Índice de Atenea, novela incluida en Cuentos Invierno de Ignacio Manuel AltamiranoAnterior apartadoSiguiente apartadoBiblioteca Virtual Antorcha

ATENEA

VI

Venecia, 21 de mayo.

Me siento dichoso; dichoso como hombre que ha soñado cinco días, que han sido siglos, y que ve su sueño convertido en realidad.

Experimento una alegría loca, mezclada con las punzantes y amargas voluptuosidades de la expectativa. ¡Una expectativa que me impacienta! ¡Qué carácter el mío! No se aviene con las lentitudes de la vida normal, con la lógica de los sucesos. Sufrir, para mí, es morir; esperar, para mí es una tortura. No tengo la noción del tiempo; mi pasión es siempre mi clepsidra.

Pero narremos.

Vino el doctor temprano y me hizo alistarme para salir.

- Ahora tengo tiempo -me dijo-, y voy a acompañaros a dar un largo paseo. Lo necesitáis. Iremos primero a los jardines de la Punta della Motta. Aspirar el aire de la mañana bajo los árboles y el gran aire del mar os hará bien. Luego reposaréis y en la tarde visitaremos la Giudecca.

Efectivamente, dimos un largo paseo en el jardín y aspiré a bocanadas aquel aire cargado de sales, que fue un banquete para mis pulmones debilitados. Regresamos después y almorzamos con excelente apetito.

El doctor me abandonó un momento para ver a algunos de sus enfermos y a las cuatro volvió a reunírseme. Nos deslizamos a lo largo del canal de la Giudecca y visitamos este lugar, uno de los más pintorescos y característicos de Venecia.

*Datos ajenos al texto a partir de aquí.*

(* If $\mu>-2$ and $|\nu|<|\mu+1|$, then $x\mapsto I_{\mu+1}(x)/\tilde{t}_{\mu,\nu}(x)$ is strictly increasing on $(0,\infty)$. If $\mu>-2$ and $|\mu+1|<|\nu|<\mu+3$, then $x\mapsto I_{\mu+1}(x)/\tilde{t}_{\mu,\nu}(x)$ is strictly decreasing on $(0,\infty)$.
   Context: For real $\mu,\nu$ the (normalized) modified Lommel function of the first kind is $$\tilde{t}_{\mu,\nu}(x)=\sum_{k=0}^\infty\frac{(\frac{1}{2}x)^{\mu+2k+1}}{\Gamma\big(k+\frac{\mu-\nu+3}{2}\big)\Gamma\big(k+\frac{\mu+\nu+3}{2}\big)},\quad x>0,$$ and $I_\alpha(x)=\sum_{k=0}^\infty\frac{(\frac{1}{2}x)^{2k+\alpha}}{k!\,\Gamma(k+\alpha+1)}$ is the modified Bessel function of the first kind. *)

theory Defs
  imports "HOL-Analysis.Analysis"
begin

definition besselI :: "real \<Rightarrow> real \<Rightarrow> real" where
  "besselI \<alpha> x = (\<Sum>k. (x / 2) powr (2 * real k + \<alpha>) / (fact k * Gamma (real k + \<alpha> + 1)))"

text \<open>Normalized modified Lommel function of the first kind, for x > 0.
  Reciprocal Gamma is used (rGamma), so terms at poles of Gamma vanish.\<close>
definition lommel_t :: "real \<Rightarrow> real \<Rightarrow> real \<Rightarrow> real" where
  "lommel_t \<mu> \<nu> x = (\<Sum>k. (x / 2) powr (\<mu> + 2 * real k + 1)
      * rGamma (real k + (\<mu> - \<nu> + 3) / 2) * rGamma (real k + (\<mu> + \<nu> + 3) / 2))"

end

theory Submission
  imports Defs "HOL-Real_Asymp.Real_Asymp"
begin

(* After pulling out the common factor (x/2)^(mu+1), both functions are power series in
   y = (x/2)^2 with coefficients rGamma(k+p) rGamma(k+q): (p,q) = (1, mu+2) for the Bessel
   function and (p,q) = (a,b) = ((mu-nu+3)/2, (mu+nu+3)/2) for the Lommel function.  Since
   a + b = 1 + (mu+2), the quotient of consecutive coefficient ratios is
   (k+a)(k+b)/((k+1)(k+mu+2)), which lies on one side of 1 for all k, according to the sign of
   ab - (mu+2) = ((mu+1)^2 - nu^2)/4.  So the coefficient ratio is monotone in k, and by the
   Biernacki-Krzyz lemma so is the ratio of the two power series in y. *)

definition rGamma_coeff :: "real \<Rightarrow> real \<Rightarrow> nat \<Rightarrow> real" where
  "rGamma_coeff p q k = rGamma (real k + p) * rGamma (real k + q)"

lemma rGamma_coeff_pos: "0 < p \<Longrightarrow> 0 < q \<Longrightarrow> 0 < rGamma_coeff p q k"
  by (simp add: rGamma_coeff_def rGamma_inverse_Gamma)

lemma rGamma_coeff_Suc:
  "(real k + p) * (real k + q) * rGamma_coeff p q (Suc k) = rGamma_coeff p q k"
  using rGamma_plus1[of "real k + p"] rGamma_plus1[of "real k + q"]
  by (simp add: rGamma_coeff_def add_ac mult_ac)

lemma summable_rGamma_coeff_power: "summable (\<lambda>k. rGamma_coeff p q k * y ^ k)"
proof -
  have "filterlim (\<lambda>k. (real k + p) * (real k + q)) at_top sequentially"
    by real_asymp
  then obtain N where N: "\<And>k. k \<ge> N \<Longrightarrow> 2 * \<bar>y\<bar> + 1 \<le> (real k + p) * (real k + q)"
    unfolding filterlim_at_top eventually_sequentially by blast
  show ?thesis
  proof (rule summable_ratio_test[of "1/2" N])
    fix k assume "k \<ge> N"
    define g where "g = rGamma_coeff p q"
    have "\<bar>g (Suc k) * y ^ Suc k\<bar> * (2 * \<bar>y\<bar> + 1)
        \<le> \<bar>g (Suc k) * y ^ Suc k\<bar> * ((real k + p) * (real k + q))"
      using N[OF \<open>k \<ge> N\<close>] by (intro mult_left_mono) auto
    also have "\<dots> = \<bar>g k * y ^ k\<bar> * \<bar>y\<bar>"
    proof -
      have "0 < (real k + p) * (real k + q)"
        using N[OF \<open>k \<ge> N\<close>] by linarith
      then have "\<bar>g k\<bar> = (real k + p) * (real k + q) * \<bar>g (Suc k)\<bar>"
        by (metis abs_mult abs_of_pos g_def rGamma_coeff_Suc)
      then show ?thesis
        by (simp add: abs_mult mult_ac)
    qed
    also have "\<dots> \<le> \<bar>g k * y ^ k\<bar> * ((2 * \<bar>y\<bar> + 1) / 2)"
      by (intro mult_left_mono) auto
    finally have "\<bar>g (Suc k) * y ^ Suc k\<bar> * (2 * \<bar>y\<bar> + 1)
        \<le> (1/2 * \<bar>g k * y ^ k\<bar>) * (2 * \<bar>y\<bar> + 1)"
      by (simp add: field_simps)
    then have "\<bar>g (Suc k) * y ^ Suc k\<bar> \<le> 1/2 * \<bar>g k * y ^ k\<bar>"
      by (rule mult_right_le_imp_le) simp
    then show "norm (g (Suc k) * y ^ Suc k) \<le> 1/2 * norm (g k * y ^ k)"
      by simp
  qed simp
qed

lemma strict_mono_rGamma_coeff_ratio:
  assumes "0 < p" "0 < q" "0 < p'" "0 < q'" "p + q \<le> p' + q'" "p * q < p' * q'"
  shows "strict_mono (\<lambda>k. rGamma_coeff p q k / rGamma_coeff p' q' k)"
proof (unfold strict_mono_Suc_iff, intro allI)
  fix k
  let ?r = "\<lambda>k. rGamma_coeff p q k / rGamma_coeff p' q' k"
  have pos: "0 < (real k + p) * (real k + q)" "0 < (real k + p') * (real k + q')"
    using assms by auto
  have factor: "(real k + p) * (real k + q) < (real k + p') * (real k + q')"
    using assms mult_left_mono[OF assms(5), of "real k"]
    by (simp add: algebra_simps)
  have "?r k = ?r (Suc k) * ((real k + p) * (real k + q) / ((real k + p') * (real k + q')))"
    using assms
    by (simp add: field_simps flip: rGamma_coeff_Suc[of k p q] rGamma_coeff_Suc[of k p' q'])
  also have "\<dots> < ?r (Suc k)"
    using pos factor assms rGamma_coeff_pos[of p q "Suc k"] rGamma_coeff_pos[of p' q' "Suc k"]
    by (simp add: mult_less_cancel_left2 divide_less_eq)
  finally show "?r k < ?r (Suc k)" .
qed

lemma power_cross_le:
  fixes s t :: real
  assumes "0 \<le> s" "s \<le> t" "i \<le> n"
  shows "t ^ i * s ^ n \<le> t ^ n * s ^ i"
proof -
  have n: "n = i + (n - i)"
    using assms by simp
  have "(t ^ i * s ^ i) * s ^ (n - i) \<le> (t ^ i * s ^ i) * t ^ (n - i)"
    using assms by (intro mult_left_mono power_mono) auto
  then show ?thesis
    by (subst (1 2) n, simp only: power_add) (simp add: algebra_simps)
qed

lemma power_series_cross_less:
  fixes c d :: "nat \<Rightarrow> real"
  assumes coeff_less: "\<And>i j. i < j \<Longrightarrow> c i * d j < c j * d i"
    and summable: "\<And>y. y \<in> {s, t} \<Longrightarrow> summable (\<lambda>k. c k * y ^ k) \<and> summable (\<lambda>k. d k * y ^ k)"
    and "0 < s" "s < t"
  shows "(\<Sum>k. c k * s ^ k) * (\<Sum>k. d k * t ^ k) < (\<Sum>k. c k * t ^ k) * (\<Sum>k. d k * s ^ k)"
proof -
  \<comment> \<open>The truncated cross difference grows by nonnegative terms, and its second one is positive.\<close>
  define D where "D n = (\<Sum>k<n. c k * t ^ k) * (\<Sum>k<n. d k * s ^ k)
      - (\<Sum>k<n. c k * s ^ k) * (\<Sum>k<n. d k * t ^ k)" for n
  have D_Suc: "D (Suc n) = D n + (\<Sum>i<n. (c n * d i - c i * d n) * (t ^ n * s ^ i - t ^ i * s ^ n))"
    for n
  proof -
    have "(\<Sum>i<n. (c n * d i - c i * d n) * (t ^ n * s ^ i - t ^ i * s ^ n))
        = c n * t ^ n * (\<Sum>k<n. d k * s ^ k) - c n * s ^ n * (\<Sum>k<n. d k * t ^ k)
          - d n * t ^ n * (\<Sum>k<n. c k * s ^ k) + d n * s ^ n * (\<Sum>k<n. c k * t ^ k)"
      by (simp add: sum_distrib_left sum_subtractf[symmetric] sum.distrib[symmetric] algebra_simps)
    then show ?thesis
      by (simp add: D_def algebra_simps)
  qed
  have "D n \<le> D (Suc n)" for n
  proof -
    have "0 \<le> (c n * d i - c i * d n) * (t ^ n * s ^ i - t ^ i * s ^ n)" if "i < n" for i
      using less_imp_le[OF coeff_less[OF that]] power_cross_le[of s t i n] that assms(3,4)
      by (intro mult_nonneg_nonneg) auto
    then show ?thesis
      unfolding D_Suc by (auto intro: sum_nonneg)
  qed
  then have "incseq D"
    by (rule incseq_SucI)
  moreover have "D \<longlonglongrightarrow> (\<Sum>k. c k * t ^ k) * (\<Sum>k. d k * s ^ k) - (\<Sum>k. c k * s ^ k) * (\<Sum>k. d k * t ^ k)"
    unfolding D_def using summable by (intro tendsto_intros summable_LIMSEQ) auto
  ultimately have "D 2 \<le> (\<Sum>k. c k * t ^ k) * (\<Sum>k. d k * s ^ k) - (\<Sum>k. c k * s ^ k) * (\<Sum>k. d k * t ^ k)"
    by (intro LIMSEQ_le_const) (auto simp: incseq_def)
  moreover have "D 2 = (c 1 * d 0 - c 0 * d 1) * (t - s)"
    using D_Suc[of 1] D_Suc[of 0] by (simp add: D_def numeral_2_eq_2)
  moreover have "0 < (c 1 * d 0 - c 0 * d 1) * (t - s)"
    using coeff_less[of 0 1] assms by simp
  ultimately show ?thesis
    by simp
qed

lemma power_series_pos:
  fixes c :: "nat \<Rightarrow> real"
  assumes "\<And>k. 0 < c k" "summable (\<lambda>k. c k * y ^ k)" "0 < y"
  shows "0 < (\<Sum>k. c k * y ^ k)"
  using assms by (intro suminf_pos) auto

lemma strict_mono_on_power_series_ratio:
  fixes c d :: "nat \<Rightarrow> real"
  assumes pos: "\<And>k. 0 < c k" "\<And>k. 0 < d k"
    and ratio: "strict_mono (\<lambda>k. c k / d k)"
    and summable: "\<And>y. 0 < y \<Longrightarrow> summable (\<lambda>k. c k * y ^ k) \<and> summable (\<lambda>k. d k * y ^ k)"
  shows "strict_mono_on {0<..} (\<lambda>y. (\<Sum>k. c k * y ^ k) / (\<Sum>k. d k * y ^ k))"
proof (rule monotone_onI)
  fix s t :: real
  assume "s \<in> {0<..}" "t \<in> {0<..}" "s < t"
  have "c i * d j < c j * d i" if "i < j" for i j
    using strict_monoD[OF ratio that] pos[of i] pos[of j] by (simp add: field_simps)
  then have "(\<Sum>k. c k * s ^ k) * (\<Sum>k. d k * t ^ k) < (\<Sum>k. c k * t ^ k) * (\<Sum>k. d k * s ^ k)"
    using summable \<open>s \<in> {0<..}\<close> \<open>t \<in> {0<..}\<close> \<open>s < t\<close>
    by (intro power_series_cross_less) auto
  moreover have "0 < (\<Sum>k. d k * y ^ k)" if "0 < y" for y
    using summable[OF that] pos that by (intro power_series_pos) auto
  ultimately show "(\<Sum>k. c k * s ^ k) / (\<Sum>k. d k * s ^ k) < (\<Sum>k. c k * t ^ k) / (\<Sum>k. d k * t ^ k)"
    using \<open>s \<in> {0<..}\<close> \<open>t \<in> {0<..}\<close> by (simp add: divide_less_eq less_divide_eq mult_ac)
qed

lemma strict_antimono_on_power_series_ratio:
  fixes c d :: "nat \<Rightarrow> real"
  assumes pos: "\<And>k. 0 < c k" "\<And>k. 0 < d k"
    and ratio: "strict_mono (\<lambda>k. d k / c k)"
    and summable: "\<And>y. 0 < y \<Longrightarrow> summable (\<lambda>k. c k * y ^ k) \<and> summable (\<lambda>k. d k * y ^ k)"
  shows "strict_antimono_on {0<..} (\<lambda>y. (\<Sum>k. c k * y ^ k) / (\<Sum>k. d k * y ^ k))"
proof (rule monotone_onI)
  fix s t :: real
  assume st: "s \<in> {0<..}" "t \<in> {0<..}" "s < t"
  have "strict_mono_on {0<..} (\<lambda>y. (\<Sum>k. d k * y ^ k) / (\<Sum>k. c k * y ^ k))"
    using assms by (intro strict_mono_on_power_series_ratio) auto
  then have "(\<Sum>k. d k * s ^ k) / (\<Sum>k. c k * s ^ k) < (\<Sum>k. d k * t ^ k) / (\<Sum>k. c k * t ^ k)"
    using monotone_onD st by fastforce
  moreover have "0 < (\<Sum>k. c k * y ^ k)" "0 < (\<Sum>k. d k * y ^ k)" if "0 < y" for y
    using summable[OF that] pos that by (auto intro: power_series_pos)
  ultimately show "(\<Sum>k. c k * t ^ k) / (\<Sum>k. d k * t ^ k) < (\<Sum>k. c k * s ^ k) / (\<Sum>k. d k * s ^ k)"
    using st by (simp add: divide_less_eq less_divide_eq mult_ac)
qed

lemma powr_add_mult_2_nat:
  fixes x :: real
  assumes "0 < x"
  shows "x powr (e + 2 * real k) = x powr e * (x ^ 2) ^ k"
proof -
  have "x powr (2 * real k) = x powr real (2 * k)"
    by simp
  also have "\<dots> = x ^ (2 * k)"
    by (rule powr_realpow[OF assms])
  finally have "x powr (2 * real k) = x ^ (2 * k)" .
  then show ?thesis
    by (simp add: powr_add power_mult)
qed

lemma besselI_eq_rGamma_coeff_series:
  assumes "0 < x"
  shows "besselI \<alpha> x = (x / 2) powr \<alpha> * (\<Sum>k. rGamma_coeff 1 (\<alpha> + 1) k * ((x / 2) ^ 2) ^ k)"
proof -
  have "(x / 2) powr (2 * real k + \<alpha>) / (fact k * Gamma (real k + \<alpha> + 1))
      = (x / 2) powr \<alpha> * (rGamma_coeff 1 (\<alpha> + 1) k * ((x / 2) ^ 2) ^ k)" for k
  proof -
    have "rGamma (real k + 1) = inverse (fact k)"
      using Gamma_fact[of k] by (simp add: rGamma_inverse_Gamma add.commute)
    then have coeff: "rGamma_coeff 1 (\<alpha> + 1) k = inverse (fact k) * inverse (Gamma (real k + \<alpha> + 1))"
      by (simp add: rGamma_coeff_def rGamma_inverse_Gamma ac_simps)
    have power: "(x / 2) powr (2 * real k + \<alpha>) = (x / 2) powr \<alpha> * ((x / 2) ^ 2) ^ k"
      using assms powr_add_mult_2_nat[of "x / 2" \<alpha> k] by (simp add: add.commute)
    show ?thesis
      unfolding coeff power by (simp only: divide_inverse inverse_mult_distrib ac_simps)
  qed
  then show ?thesis
    unfolding besselI_def by (simp only: suminf_mult[OF summable_rGamma_coeff_power])
qed

lemma lommel_t_eq_rGamma_coeff_series:
  assumes "0 < x"
  shows "lommel_t \<mu> \<nu> x = (x / 2) powr (\<mu> + 1)
    * (\<Sum>k. rGamma_coeff ((\<mu> - \<nu> + 3) / 2) ((\<mu> + \<nu> + 3) / 2) k * ((x / 2) ^ 2) ^ k)"
proof -
  have "(x / 2) powr (\<mu> + 2 * real k + 1) * rGamma (real k + (\<mu> - \<nu> + 3) / 2)
        * rGamma (real k + (\<mu> + \<nu> + 3) / 2)
      = (x / 2) powr (\<mu> + 1) * (rGamma_coeff ((\<mu> - \<nu> + 3) / 2) ((\<mu> + \<nu> + 3) / 2) k
        * ((x / 2) ^ 2) ^ k)" for k
  proof -
    have power: "(x / 2) powr (\<mu> + 2 * real k + 1) = (x / 2) powr (\<mu> + 1) * ((x / 2) ^ 2) ^ k"
      using assms powr_add_mult_2_nat[of "x / 2" "\<mu> + 1" k] by (simp add: ac_simps)
    show ?thesis
      unfolding power rGamma_coeff_def by (simp only: ac_simps)
  qed
  then show ?thesis
    unfolding lommel_t_def by (simp only: suminf_mult[OF summable_rGamma_coeff_power])
qed

lemma monotone_on_besselI_div_lommel_t:
  assumes "monotone_on {0<..} (<) ord (\<lambda>y. (\<Sum>k. rGamma_coeff 1 (\<mu> + 2) k * y ^ k)
    / (\<Sum>k. rGamma_coeff ((\<mu> - \<nu> + 3) / 2) ((\<mu> + \<nu> + 3) / 2) k * y ^ k))"
    (is "monotone_on _ _ _ ?F")
  shows "monotone_on {0<..} (<) ord (\<lambda>x. besselI (\<mu> + 1) x / lommel_t \<mu> \<nu> x)"
proof (rule monotone_onI)
  have ratio: "besselI (\<mu> + 1) x / lommel_t \<mu> \<nu> x = ?F ((x / 2) ^ 2)" if "0 < x" for x
    using that
    by (simp add: besselI_eq_rGamma_coeff_series lommel_t_eq_rGamma_coeff_series add_ac)
  fix x x' :: real
  assume "x \<in> {0<..}" "x' \<in> {0<..}" "x < x'"
  then have "ord (?F ((x / 2) ^ 2)) (?F ((x' / 2) ^ 2))"
    by (intro monotone_onD[OF assms] power_strict_mono) auto
  then show "ord (besselI (\<mu> + 1) x / lommel_t \<mu> \<nu> x) (besselI (\<mu> + 1) x' / lommel_t \<mu> \<nu> x')"
    using \<open>x \<in> {0<..}\<close> \<open>x' \<in> {0<..}\<close> by (simp add: ratio)
qed

theorem theorem3p2:
  fixes \<mu> \<nu> :: real
  shows "(\<mu> > -2 \<and> \<bar>\<nu>\<bar> < \<bar>\<mu> + 1\<bar> \<longrightarrow>
            strict_mono_on {0<..} (\<lambda>x. besselI (\<mu> + 1) x / lommel_t \<mu> \<nu> x))
       \<and> (\<mu> > -2 \<and> \<bar>\<mu> + 1\<bar> < \<bar>\<nu>\<bar> \<and> \<bar>\<nu>\<bar> < \<mu> + 3 \<longrightarrow>
            strict_antimono_on {0<..} (\<lambda>x. besselI (\<mu> + 1) x / lommel_t \<mu> \<nu> x))"
proof -
  let ?a = "(\<mu> - \<nu> + 3) / 2" and ?b = "(\<mu> + \<nu> + 3) / 2"
  have ab: "?a * ?b = 1 * (\<mu> + 2) + ((\<mu> + 1)\<^sup>2 - \<nu>\<^sup>2) / 4" "?a + ?b = 1 + (\<mu> + 2)"
    by (simp_all add: field_simps power2_eq_square)
  note series_facts = rGamma_coeff_pos summable_rGamma_coeff_power
  show ?thesis
  proof (intro conjI impI)
    assume h: "\<mu> > -2 \<and> \<bar>\<nu>\<bar> < \<bar>\<mu> + 1\<bar>"
    then have "0 < ?a" "0 < ?b" "1 * (\<mu> + 2) < ?a * ?b"
      using abs_le_square_iff[of "\<mu> + 1" \<nu>] unfolding ab by (auto simp: abs_less_iff)
    with h show "strict_mono_on {0<..} (\<lambda>x. besselI (\<mu> + 1) x / lommel_t \<mu> \<nu> x)"
      by (intro monotone_on_besselI_div_lommel_t strict_mono_on_power_series_ratio
          strict_mono_rGamma_coeff_ratio series_facts conjI) (auto simp: ab)
  next
    assume h: "\<mu> > -2 \<and> \<bar>\<mu> + 1\<bar> < \<bar>\<nu>\<bar> \<and> \<bar>\<nu>\<bar> < \<mu> + 3"
    then have "0 < ?a" "0 < ?b" "?a * ?b < 1 * (\<mu> + 2)"
      using abs_le_square_iff[of \<nu> "\<mu> + 1"] unfolding ab by (auto simp: abs_less_iff)
    with h show "strict_antimono_on {0<..} (\<lambda>x. besselI (\<mu> + 1) x / lommel_t \<mu> \<nu> x)"
      by (intro monotone_on_besselI_div_lommel_t strict_antimono_on_power_series_ratio
          strict_mono_rGamma_coeff_ratio series_facts conjI) (auto simp: ab)
  qed
qed

end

Pero al descender la tarde y como el doctor quisiera mostrarme la Dogana del mare y otros edificios, al entrar en el Gran Canal, yo rogué que fuésemos al palacio Capello, que era el objeto de mis ansias no aplacadas, sino antes bien exacerbadas por una clausura de tres días.

Pareció tal demanda extraña al doctor, pero sin oponerse a ella, me preguntó si tenía alguna mira especial en ello.

Yo dando orden a Giorgio de que tomase aquella dirección, le respondí:

- Hace tiempo, desde América me ha interesado la historia romanesca de Bianca Capello y he pensado hacerla asunto de una leyenda poética. Ahora que estoy en Venecia, deseo conocer el palacio y estudiar lo que puede llamarse el color local. ¿Qué os parece?

- Muy bien -contestó el doctor-. Perfectamente; yo os mostraré las ventanas de Bianca, la casa en que estaba situado el banco de los Salviati, tíos del pobre joven Pietro Buonaventuri. Después tendréis que ir a Florencia para conocer la casa en que sirvió de escondite a los amantes y el palacio de los Médicis, en donde se operó la transformación de la ardiente joven veneciana. Es una historia singular ésa ... y que ofrece un estudio terrible del corazón de la mujer. ¿Cultiváis la poesía?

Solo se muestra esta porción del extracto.